Feeding off of the same vivid color palette visited by Mario Bava, Dario Argento and Tim Burton, Trick ‘r Treat owes a tremendous debt to EC Comics’ Tales from the Crypt and the supernatural retribution readers of that popular title were fed within its pages. It’s Creepshow by way of Doug Liman’s Go – a formula that doesn’t find its footing right away, but once Trick ‘r Treat does it becomes a mischievous and immersing vessel that channels the haunted spirit of autumn. Mirthful, wicked, sometimes poignant and always sinister, Dougherty’s tale (or tales) are engaged in the traditions of Halloween and the consequences (more often than not, death) of not adhering to them. This is fertile playing grounds for Dougherty who finds ways to rope in a serial killer, a vampire, werewolves, zombies and Sam, one of the cutest, devious and most memorable horror icons to grace the genre.

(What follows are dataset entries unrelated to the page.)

(* For all $s>0$ and $K\in\mathbb{N}$, the function $f^{s,K}_{square}(t):=\frac{2s}{K}\sum_{k=1}^K\big([t-\tfrac{sk}{K}]_++[-t-\tfrac{sk}{K}]_+\big)$ satisfies $$\sup_{t\in[-s,s]}|f^{s,K}_{square}(t)-t^2|\le s^2\Big(\frac1K+\frac1{K^2}\Big).$$
   Context: $[t]_+=\max(t,0)$. *)

theory Defs
  imports "HOL-Analysis.Analysis"
begin

definition pos_part :: "real \<Rightarrow> real" where
  "pos_part t = max t 0"

definition f_square :: "real \<Rightarrow> nat \<Rightarrow> real \<Rightarrow> real" where
  "f_square s K t = (2 * s / real K) *
     (\<Sum>k=1..K. pos_part (t - s * real k / real K) + pos_part (- t - s * real k / real K))"

end

theory Submission
  imports Defs
begin

text \<open>
  By symmetry it suffices to take \<open>0 \<le> t \<le> s\<close>. With mesh \<open>h = s / K\<close>, let
  \<open>j h \<le> t \<le> (j + 1) h\<close> with \<open>j < K\<close>. Only the terms \<open>[t - k h]\<^sub>+\<close> with \<open>k \<le> j\<close>
  are nonzero, and summing them gives the exact error
  \<open>t\<^sup>2 - f(t) = (t - j h)\<^sup>2 + j h\<^sup>2\<close>, which lies between \<open>0\<close> and \<open>K h\<^sup>2 = s\<^sup>2 / K\<close>.
\<close>

lemma f_square_uminus: "f_square s K (- t) = f_square s K t"
  unfolding f_square_def by (simp add: add.commute)

lemma exists_unit_interval_index:
  fixes x :: real
  assumes "0 \<le> x" "x \<le> real n" "n \<ge> 1"
  obtains j where "j < n" "real j \<le> x" "x \<le> real j + 1"
proof
  define j where "j = min (n - 1) (nat \<lfloor>x\<rfloor>)"
  show "j < n" using assms(3) by (simp add: j_def)
  show "real j \<le> x" using assms(1) by (simp add: j_def min_def) linarith
  show "x \<le> real j + 1"
  proof (cases "nat \<lfloor>x\<rfloor> \<le> n - 1")
    case True
    then show ?thesis using assms(1) by (simp add: j_def)
  next
    case False
    then show ?thesis using assms(2,3) by (simp add: j_def of_nat_diff)
  qed
qed

lemma sum_pos_part_shifts:
  fixes t h :: real
  assumes "h > 0" "real j * h \<le> t" "t \<le> (real j + 1) * h" "j \<le> n"
  shows "(\<Sum>k=1..n. pos_part (t - real k * h)) = (\<Sum>k=1..j. t - real k * h)"
proof -
  have pos_terms: "pos_part (t - real k * h) = (if k \<in> {..j} then t - real k * h else 0)" for k
  proof (cases "k \<le> j")
    case True
    then have "real k * h \<le> real j * h" using assms(1) by simp
    then show ?thesis using True assms(2) by (simp add: pos_part_def)
  next
    case False
    then have "(real j + 1) * h \<le> real k * h" using assms(1) by simp
    then show ?thesis using False assms(3) by (simp add: pos_part_def)
  qed
  have "(\<Sum>k=1..n. pos_part (t - real k * h)) = (\<Sum>k\<in>{1..n} \<inter> {..j}. t - real k * h)"
    by (simp only: pos_terms sum.inter_restrict[OF finite_atLeastAtMost])
  also have "{1..n} \<inter> {..j} = {1..j}" using assms(4) by auto
  finally show ?thesis .
qed

lemma sum_linear_shifts:
  fixes t h :: real
  shows "(\<Sum>k=1..j. t - real k * h) = real j * t - h * real j * (real j + 1) / 2"
proof -
  have "(\<Sum>k=1..j. t - real k * h) = real j * t - h * (\<Sum>k=1..j. real k)"
    by (simp add: sum_subtractf sum_distrib_left mult.commute)
  then show ?thesis using double_gauss_sum_from_Suc_0[of j, where ?'a = real] by simp
qed

lemma square_minus_f_square:
  fixes s t :: real and K :: nat
  defines "h \<equiv> s / real K"
  assumes "s > 0" "0 \<le> t" "real j * h \<le> t" "t \<le> (real j + 1) * h" "j < K"
  shows "t ^ 2 - f_square s K t = (t - real j * h) ^ 2 + real j * h ^ 2"
proof -
  have "h > 0" using assms(2,6) by (simp add: h_def)
  have neg_terms: "pos_part (- t - s * real k / real K) = 0" for k
  proof -
    have "0 \<le> s * real k / real K" using assms(2) by simp
    then show ?thesis using assms(3) by (simp add: pos_part_def)
  qed
  have "f_square s K t = 2 * h * (\<Sum>k=1..K. pos_part (t - real k * h))"
    unfolding f_square_def neg_terms by (simp add: h_def mult.commute)
  also have "\<dots> = 2 * h * (real j * t - h * real j * (real j + 1) / 2)"
    unfolding sum_pos_part_shifts[OF \<open>h > 0\<close> assms(4,5) less_imp_le[OF assms(6)]]
      sum_linear_shifts ..
  finally show ?thesis by (simp add: field_simps power2_eq_square)
qed

lemma f_square_error_le:
  fixes s t :: real
  assumes "s > 0" "K \<ge> 1" "0 \<le> t" "t \<le> s"
  shows "\<bar>f_square s K t - t ^ 2\<bar> \<le> s ^ 2 / real K"
proof -
  define h where "h = s / real K"
  have "h > 0" using assms(1,2) by (simp add: h_def)
  have "t / h \<le> real K" using assms(2,4) \<open>h > 0\<close> by (simp add: h_def field_simps)
  then obtain j where "j < K" and j: "real j \<le> t / h" "t / h \<le> real j + 1"
    using exists_unit_interval_index[of "t / h" K] assms(2,3) \<open>h > 0\<close> by auto
  then have lo: "real j * h \<le> t" and hi: "t \<le> (real j + 1) * h"
    using \<open>h > 0\<close> by (simp_all add: field_simps)
  have err: "t ^ 2 - f_square s K t = (t - real j * h) ^ 2 + real j * h ^ 2"
    using square_minus_f_square[of s t j K] assms(1,3) lo hi \<open>j < K\<close> by (simp add: h_def)
  have "(t - real j * h) ^ 2 \<le> h ^ 2"
    using lo hi by (intro power_mono) (auto simp: algebra_simps)
  moreover have "real j * h ^ 2 \<le> (real K - 1) * h ^ 2"
    using \<open>j < K\<close> by (intro mult_right_mono) auto
  ultimately have "\<bar>f_square s K t - t ^ 2\<bar> \<le> real K * h ^ 2"
    unfolding abs_minus_commute[of "f_square s K t"] err by (simp add: algebra_simps)
  also have "\<dots> = s ^ 2 / real K" using assms(2) by (simp add: h_def power2_eq_square)
  finally show ?thesis .
qed

theorem lemma12:
  fixes s :: real and K :: nat
  assumes "s > 0" and "K \<ge> 1"
  shows "(SUP t\<in>{-s..s}. \<bar>f_square s K t - t ^ 2\<bar>) \<le> s ^ 2 * (1 / real K + 1 / (real K) ^ 2)"
proof (rule cSUP_least)
  show "{-s..s} \<noteq> {}" using assms by simp
next
  fix t assume t: "t \<in> {-s..s}"
  have "\<bar>f_square s K t - t ^ 2\<bar> = \<bar>f_square s K \<bar>t\<bar> - \<bar>t\<bar> ^ 2\<bar>"
    by (cases "t \<ge> 0") (simp_all add: f_square_uminus)
  also have "\<dots> \<le> s ^ 2 / real K"
    using t by (intro f_square_error_le[OF assms]) auto
  also have "\<dots> \<le> s ^ 2 * (1 / real K + 1 / (real K) ^ 2)"
    by (simp add: algebra_simps)
  finally show "\<bar>f_square s K t - t ^ 2\<bar> \<le> s ^ 2 * (1 / real K + 1 / (real K) ^ 2)" .
qed

end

Trick ‘r Treat‘s foundation is built on playing with your expectations. The narrative is a bouncy disjointed journey focusing on four parallel-running stories set in a small town on Halloween night. One tale introduces us to Dylan Baker’s irritable principal who issues candy every child should fear. True Blood‘s Anna Paquin and Lauren Lee Smith play sisters at the center of another story about four gals feeling frisky in their costumes and prowling the streets for men. Elsewhere, a group of youngsters venture out to a rock quarry to lay out pumpkins in honor of those who died in a tragic school bus accident. And Brian Cox – who reportedly wanted to fashion his look in the film after John Carpenter – caps the anthology with an almost sympathetic turn (I said almost) as Mr. Kreeg, an old man who has abandoned the Halloween holiday but is forced back into practicing its rituals.
Dougherty weaves and overlaps these stories with precision – it’s no easy task and the first fifteen minutes take some getting used to. Still, it’s easy to eventually slip into Trick ‘r Treat‘s poetic rhythm of horror and humor that work in equal parts in the film’s favor. For every elicited chuckle (a dude in a Hot Dog costume steals a shot) Dougherty counters it with something truly disturbing such as a scene in which a boy begins to vomit a bloody, chocolate-y mess or we witness three pumpkin-carrying teens disappear into a thick night fog. Yes, believe it or not, Trick ‘r Treat floats its share of genuine, classic frights analogous to the works of Val Lewton where situation, cinematography and location work as one – no part is greater than the whole. Although the film is a pumpkin of many faces, it delivers as a single uniform beast.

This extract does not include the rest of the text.